For 1, you are trying to prove that (cos θ - 1) / cos θ = sec θ - sec^2 θ is an identity.
Note the parentheses I added. These are necessary.

I would start with the right side, and write the secant terms in their equivalent cosine forms.

2. sin^2 θ + cos^2 θ = 1
For 2, start with the left side, and expand and simplify it.

(sin θ + cos θ)^2 = ?

You should have an unbroken chain of equalities that end with 1 + 2 sin θ cos θ.

3. LCD : (1 + cos θ) (1 - cos θ)

1 / 1 + cos θ (1 - cos θ)

1 - cos θ / (1 + cos θ) (1 - cos θ)

1 / 1 - cos θ (1 + cos θ)

1 + cos θ / (1 - cos θ) (1 + cos θ)

I'm really confused with these problems. I appreciate the help anyway, thanks. Happy holidays.

Okay, for 1, by starting with the right side

(1 / cos θ) - (1 / cos^2 θ), therefore that shows sec θ - sec^2 θ

- But do you multiply the numerator and demonator by the lcd which is cos^2 θ

For 2, (sin θ + cos θ)^2 = ?
- by the 2 as an exponent, would you multiply 2 by sin and cos, therefore it would be like this - sin^2 θ + cos^2 θ = ?

For 3, (1 / 1 + cos θ) + (1 / 1 - cos θ) = 2csc^2 θ
I know 1 / sin θ = csc θ and that sin^2 θ + cos^2 θ = 1 but how do i get from cos to sin

For 2, i just realize what i did wrong.

(sinθ + cosθ)^2 = sin^2θ + 2sinθcosθ + cos^2θ
(sin^2θ + cos^2θ= 1), you get 1 + 2 sin θ cos θ.

But for 1, i have a question when you simplify the secant in terms of cosine. Would you cross multiply but then again there's the subtraction sign there instead of a multiplication sign? then would you multiply by the lcd to get the demoniator to be the same for both sides.

for 3, im confused on this problem.

Mark44
Mentor
Okay, for 1, by starting with the right side

(1 / cos θ) - (1 / cos^2 θ), therefore that shows sec θ - sec^2 θ
No, start with the right side. You don't need all the conversation.

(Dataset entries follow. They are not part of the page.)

text \<open>Every point of (closure L) - L, for L \<subseteq> Y compact, is a branch point: a non-branch point
  is separated from L by finitely many pairs of disjoint opens. These points therefore form a
  locally finite, hence closed, subset D of the T1 space Y, and L lies in the open set Y - D.
  Since p is open and X is locally compact, L is covered by finitely many images of opens with
  compact closure inside the preimage of Y - D, giving a compact K0 with L \<subseteq> p ` K0 \<subseteq> Y - D;
  intersecting K0 with the closed preimage of closure L leaves a compact K with p ` K = L,
  which is (COMP). For (CONT), p ` K = L gives psi(h) ` L = p ` h ` K, so psi pulls the
  subbasic set {g. g ` L \<subseteq> U} back to the subbasic set {h. h ` K \<subseteq> p -` U}.\<close>

lemma locally_finite_set_subset:
  "locally_finite_set Y B \<Longrightarrow> A \<subseteq> B \<Longrightarrow> locally_finite_set Y A"
  unfolding locally_finite_set_def by (meson finite_subset inf_mono order_refl)

lemma closedin_locally_finite_set:
  assumes t1: "t1_space Y" and lf: "locally_finite_set Y A" and A: "A \<subseteq> topspace Y"
  shows "closedin Y A"
proof -
  have "\<exists>T. openin Y T \<and> y \<in> T \<and> T \<subseteq> topspace Y - A" if y: "y \<in> topspace Y - A" for y
  proof -
    obtain N U where U: "openin Y U" "y \<in> U" "U \<subseteq> N" "N \<subseteq> topspace Y"
      and fin: "finite (N \<inter> A)"
      using lf DiffD1[OF y] unfolding locally_finite_set_def by meson
    have "finite (U \<inter> A)" using fin U(3) by (meson finite_subset inf_mono order_refl)
    then have "closedin Y (U \<inter> A)"
      using t1 U(3,4) unfolding t1_space_closedin_finite by blast
    then have "openin Y (U - (U \<inter> A))" using U(1) by (simp add: openin_diff)
    moreover have "U - (U \<inter> A) \<subseteq> topspace Y - A" using U(3,4) by blast
    ultimately show ?thesis using y U(2) by blast
  qed
  then have "openin Y (topspace Y - A)" by (subst openin_subopen) blast
  then show ?thesis using A by (simp add: closedin_def)
qed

Use = !
sec θ = sec2 θ = 1/(cos θ) - 1/(cos2 θ)

Yes, you can multiply by cos2 θ over itself.

- But do you multiply the numerator and demonator by the lcd which is cos^2 θ

For 2, (sin θ + cos θ)^2 = ?
- by the 2 as an exponent, would you multiply 2 by sin and cos, therefore it would be like this - sin^2 θ + cos^2 θ = ?

For 3, (1 / 1 + cos θ) + (1 / 1 - cos θ) = 2csc^2 θ
I know 1 / sin θ = csc θ and that sin^2 θ + cos^2 θ = 1 but how do i get from cos to sin

You added parentheses, but you added them in the wrong place. The left side should look like this: 1/(1 + cos θ) + 1/(1 - cos θ)

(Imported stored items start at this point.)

lemma eventually_edge_power_pos:
  fixes p :: "nat \<Rightarrow> real"
  assumes H: "is_graph k EH"
    and dens: "\<And>S. S \<subseteq> {0..<k} \<Longrightarrow> induced_edges EH S \<noteq> {} \<Longrightarrow>
        filterlim (\<lambda>n. real n ^ card S * p n ^ card (induced_edges EH S)) at_top sequentially"
  shows "\<forall>\<^sub>F n in sequentially. 0 < p n ^ card EH"
proof (cases "EH = {}")
  case False
  have "induced_edges EH {0..<k} = EH" using H by (auto simp: induced_edges_def is_graph_def)
  with False dens[of "{0..<k}"] have "\<forall>\<^sub>F n in sequentially. 0 < real n ^ k * p n ^ card EH"
    by (simp add: filterlim_at_top_dense)
  then show ?thesis by eventually_elim (simp add: zero_less_mult_iff)
qed simp

theorem corollaryA2:
  fixes k :: nat and EH :: "nat set set" and \<eta> :: real
    and p :: "nat \<Rightarrow> real" and C :: "nat \<Rightarrow> nat set set"
  assumes H: "is_graph k EH"
    and eta: "\<eta> > 0"
    and p01: "\<And>n. 0 \<le> p n \<and> p n \<le> 1"
    and dens: "\<And>S. S \<subseteq> {0..<k} \<Longrightarrow> induced_edges EH S \<noteq> {} \<Longrightarrow>
        filterlim (\<lambda>n. real n ^ card S * p n ^ card (induced_edges EH S)) at_top sequentially"
    and Csub: "\<And>n. C n \<subseteq> {A. A \<subseteq> {1..n} \<and> card A = k}"
    and Ccard: "\<And>n. real (card (C n)) \<ge> \<eta> * real (n choose k)"
  shows "(\<lambda>n. measure_pmf.prob (Gnp n (p n)) {G. \<exists>A\<in>C n. copy_on n k EH G A})
           \<longlonglongrightarrow> 1"
proof -
  define P where "P n = measure_pmf.prob (Gnp n (p n)) {G. \<not> (\<exists>A\<in>C n. copy_on n k EH G A)}" for n
  define bound where "bound n = (\<Sum>S\<in>subsets_with_edges k EH.
      real k ^ k / \<eta> * inverse (real n ^ card S * p n ^ card (induced_edges EH S)))" for n
  have "bound \<longlonglongrightarrow> 0"
    unfolding bound_def using dens
    by (intro tendsto_null_sum tendsto_mult_right_zero tendsto_inverse_0_at_top)
      (auto simp: subsets_with_edges_def)
  moreover have "\<forall>\<^sub>F n in sequentially. P n \<le> bound n"
    using eventually_prob_no_copy_le[OF H eta p01 eventually_edge_power_pos[OF H dens] Csub Ccard]
    unfolding P_def bound_def .
  ultimately have "P \<longlonglongrightarrow> 0"
    by (intro tendsto_sandwich[of "\<lambda>_. 0" P]) (auto simp: P_def)
  then have "(\<lambda>n. 1 - P n) \<longlonglongrightarrow> 1"
    using tendsto_diff[OF tendsto_const[of 1]] by fastforce
  moreover have "1 - P n = measure_pmf.prob (Gnp n (p n)) {G. \<exists>A\<in>C n. copy_on n k EH G A}" for n
    using measure_pmf.prob_compl[of "{G. \<exists>A\<in>C n. copy_on n k EH G A}" "Gnp n (p n)"]
    by (simp add: P_def Compl_eq Diff_eq)
  ultimately show ?thesis by simp
qed

end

What you have would be properly interpreted as 1 + cos θ + 1 - cos θ, which is 2. I'm sure that's not what you meant.

Mark44
Mentor
For 2, i just realize what i did wrong.

(sinθ + cosθ)^2 = sin^2θ + 2sinθcosθ + cos^2θ
(sin^2θ + cos^2θ= 1), you get 1 + 2 sin θ cos θ.
Leave out this part: (sin^2θ + cos^2θ= 1), and leave out the "you get." Use = !!!!

It should look like this:
(sinθ + cosθ)2 = sin2 θ + 2sin θ cos θ + cos2 θ = 1 + 2 sin θ cos θ

If you need to include an explanation for one step (such as replacing sin2 θ + cos2 θ by 1, put it off to the side, not in the flow of equal expressions.
But for 1, i have a question when you simplify the secant in terms of cosine. Would you cross multiply but then again there's the subtraction sign there instead of a multiplication sign? then would you multiply by the lcd to get the demoniator to be the same for both sides.

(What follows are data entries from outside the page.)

theorem mainTheorem1:
  fixes a :: "nat \<Rightarrow> real^'n"
    and lam :: "nat \<Rightarrow> real^'n \<Rightarrow> real"
  assumes dim: "CARD('n) \<ge> 2"
    and inj: "inj_on a {..CARD('n)}"
    and nondeg: "\<not> affine_dependent (a ` {..CARD('n)})"
    and bary: "\<forall>x. (\<Sum>i\<le>CARD('n). lam i x) = 1 \<and> (\<Sum>i\<le>CARD('n). lam i x *\<^sub>R a i) = x"
  shows
    "(\<forall>r\<in>cubic_span CARD('n) lam. r \<in> P2 \<longrightarrow> (\<forall>x. r x = 0))
     \<and> (\<forall>(f::nat \<Rightarrow> real) (g::nat \<Rightarrow> nat \<Rightarrow> real). \<exists>!p. p \<in> Zspace CARD('n) lam
          \<and> (\<forall>i\<le>CARD('n). p (a i) = f i)
          \<and> (\<forall>i\<le>CARD('n). \<forall>j\<le>CARD('n). j \<noteq> i \<longrightarrow> dirderiv p (a i) (a j - a i) = g i j))
     \<and> (\<forall>i\<le>CARD('n).
          let phi = (\<lambda>x. lam i x + (\<Sum>j\<in>{..CARD('n)} - {i}. cubic_pair lam i j x)) in
          phi \<in> Zspace CARD('n) lam
          \<and> (\<forall>k\<le>CARD('n). phi (a k) = (if i = k then 1 else 0))
          \<and> (\<forall>k\<le>CARD('n). \<forall>l\<le>CARD('n). k \<noteq> l \<longrightarrow> dirderiv phi (a k) (a l - a k) = 0))
     \<and> (\<forall>i\<le>CARD('n). \<forall>j\<le>CARD('n). i \<noteq> j \<longrightarrow>
          (let phi = (\<lambda>x. (1/2) * (lam i x * lam j x + cubic_pair lam i j x)) in
          phi \<in> Zspace CARD('n) lam
          \<and> (\<forall>k\<le>CARD('n). phi (a k) = 0)
          \<and> (\<forall>k\<le>CARD('n). \<forall>l\<le>CARD('n). k \<noteq> l \<longrightarrow>
               dirderiv phi (a k) (a l - a k) = (if i = k \<and> j = l then 1 else 0))))"
proof -
  interpret barycentric_coords "CARD('n)" a lam
    using inj nondeg bary by unfold_locales
  have "\<exists>!p. p \<in> Zspace CARD('n) lam \<and> has_dofs p f g" for f g
    using Zspace_interpolant_exists Zspace_unisolvent by blast
  then show ?thesis
    using cubic_span_inter_P2 nodal_vertex_basis nodal_edge_basis
    unfolding has_dofs_def Let_def by (auto simp: fun_eq_iff)
qed

end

for 3, im confused on this problem.
What is the cross multiplying you're talking about? If you have an equation such as x/2 = 3/4, you can cross multiply to get 4x = 6, or x = 3/2, but you don't have an equation. What you have is an expression that you are trying to simplify or expand to make look like the other side of the equation.

Since you are not dealing with an equation, you are very limited in the things you can do, simplify an expression, expand an expression, add 0, or multiply by 1.

In problem 1, you have sec θ - sec2 θ = 1/cos θ - 1/cos2 θ. You can multiply by 1 (i.e., cos2 θ/cos2 θ), and that might be helpful.